Die Pandemie und ihre wirtschaftlichen Folgen lassen die Sozialversicherungssysteme in den USA erodieren. Das zumindest geht aus einem aktuellen Lagebericht des US-Finanzministeriums hervor, über den die „New York Times“ berichtet. Demnach könnten die Reserven des US-Renten-Treuhandfonds (Old-Age and Survivors Insurance Trust Fund) im Jahr 2033 aufgebraucht sein – ein Jahr früher, als ursprünglich prognostiziert. Dann würden die laufenden Einnahmen nur noch ausreichen, um 76 Prozent der Leistungen zu bezahlen.
Auch um den Treuhandfonds für die Invalidenversicherung (Disability Insurance Trust Fund) ist es nicht zum Besten bestellt.

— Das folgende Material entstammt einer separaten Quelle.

lemma stiff_bar_edge_line_higher_differentiable:
  assumes stiff: "stiff_bar d G p Es" and ij: "(i, j) \<in> G"
  obtains U where "open U" "0 \<in> U"
    "\<And>m. higher_differentiable_on m U (\<lambda>s. Es i j (elen d (cadd p (cscale s q)) i j))"
proof -
  define S where "S s = (\<Sum>c<d. (p i c - p j c + s * (q i c - q j c)) ^ 2)" for s :: real
  obtain R where "R > 0" and smooth: "\<And>m. higher_differentiable_on m (ball (elen d p i j) R) (Es i j)"
    using real_analytic_at_higher_differentiable_on[OF stiff_bar_edgeD(2)[OF stiff ij]] by blast
  have S0: "S 0 = elen d p i j ^ 2"
    by (simp add: S_def elen_def sum_nonneg)
  have "isCont S 0"
    unfolding S_def by (intro continuous_intros)
  then have "(S \<longlongrightarrow> S 0) (nhds 0)"
    by (simp add: isCont_def tendsto_at_iff_tendsto_nhds)
  moreover from this have "((\<lambda>s. sqrt (S s)) \<longlongrightarrow> sqrt (S 0)) (nhds 0)"
    by (rule tendsto_real_sqrt)
  ultimately have "eventually (\<lambda>s. S s > 0) (nhds 0)"
    "eventually (\<lambda>s. dist (sqrt (S s)) (elen d p i j) < R) (nhds 0)"
    using stiff_bar_edgeD(1)[OF stiff ij] \<open>R > 0\<close> by (auto simp: S0 intro: order_tendstoD tendstoD)
  then have "eventually (\<lambda>s. S s > 0 \<and> sqrt (S s) \<in> ball (elen d p i j) R) (nhds 0)"
    by eventually_elim (simp add: dist_commute)
  then obtain U where U: "open U" "0 \<in> U"
    and inside: "\<And>s. s \<in> U \<Longrightarrow> S s > 0 \<and> sqrt (S s) \<in> ball (elen d p i j) R"
    unfolding eventually_nhds by blast
  have "higher_differentiable_on m U S" for m
    unfolding S_def
    by (intro higher_differentiable_on_sum higher_differentiable_on_power higher_differentiable_on_add
        higher_differentiable_on_mult higher_differentiable_on_const higher_differentiable_on_id U finite_lessThan)
  then have "higher_differentiable_on m U (\<lambda>s. sqrt (S s))" for m
    using inside by (intro higher_differentiable_on_compose[OF U(1) open_greaterThan _
          higher_differentiable_on_sqrt]) auto
  then have "higher_differentiable_on m U (\<lambda>s. Es i j (sqrt (S s)))" for m
    using inside by (intro higher_differentiable_on_compose[OF U(1) open_ball _ smooth]) auto
  then show ?thesis
    using U that by (simp add: elen_cadd_cscale S_def)
qed
definition step :: "'a safa \<Rightarrow> 'd config \<Rightarrow> 'a \<times> 'd \<Rightarrow> 'd config \<Rightarrow> bool" where
  "step M c x c' \<longleftrightarrow> (\<exists>c0 op. (fst c, fst x, c0, op, fst c') \<in> trans M \<and>
       sat c0 (snd x) (snd c) \<and> snd c' = apply_op op (snd x) (snd c))"

definition reach :: "'a safa \<Rightarrow> ('a \<times> 'd) list \<Rightarrow> 'd config set" where
  "reach M w = foldl (\<lambda>C x. {c'. \<exists>c\<in>C. step M c x c'}) {(init M, \<lambda>_. {})} w"

definition lang :: "'a safa \<Rightarrow> ('a \<times> 'd) list set" where
  "lang M = {w. \<exists>c \<in> reach M w. fst c \<in> final M}"

definition SAFA_langs :: "nat \<Rightarrow> ('a \<times> 'd) list set set" where
  "SAFA_langs k = {L. \<exists>M :: 'a safa. wf_safa M \<and> nsets M = k \<and> L = lang M}"

end

theory Submission
  imports Defs
begin

text \<open>Words in which every datum occurs at most K times are accepted with K sets: the
  automaton records each occurrence of a datum d by inserting d into a set not yet containing
  it. With only k sets, call the set of indices of the sets containing d the type of d; along
  a run it can only grow, hence changes at most k times. Read the word
  (e 0 ... e (N - 1)) repeated k + 1 times: every e j has a round in which its type stays
  constant, and for N > (k + 1) 2^k two distinct data e i and e j share both this round and
  their type in it. Reading e j in that round changes no set, so the run can equally read e i
  there, and the automaton accepts a word containing e i k + 2 times.\<close>

lemma count_list_distinct:
  "distinct xs \<Longrightarrow> count_list xs x = (if x \<in> set xs then 1 else 0)"
  by (induction xs) auto

lemma count_list_concat_replicate:
  "count_list (concat (replicate n xs)) x = n * count_list xs x"
  by (induction n) auto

Seine Reserven werden nach der Einschätzung des US-Finanzministeriums im Jahr 2057 erschöpft sein, acht Jahre früher als in der letztjährigen Schätzung. Hier könnten dann noch 91 Prozent aus den laufenden Einnahmen abgedeckt werden.
Sorgen bereitet den Aktuaren aus dem US-Finanzministerium schließlich auch der Krankenhaus-Treuhandfonds von Medicare, der öffentlichen und bundesstaatlichen Krankenversicherung innerhalb des Gesundheitssystems der USA. Hier wird erwartet, dass er voraussichtlich ab 2026 nicht mehr in der Lage sein wird, seine Rechnungen zu bezahlen.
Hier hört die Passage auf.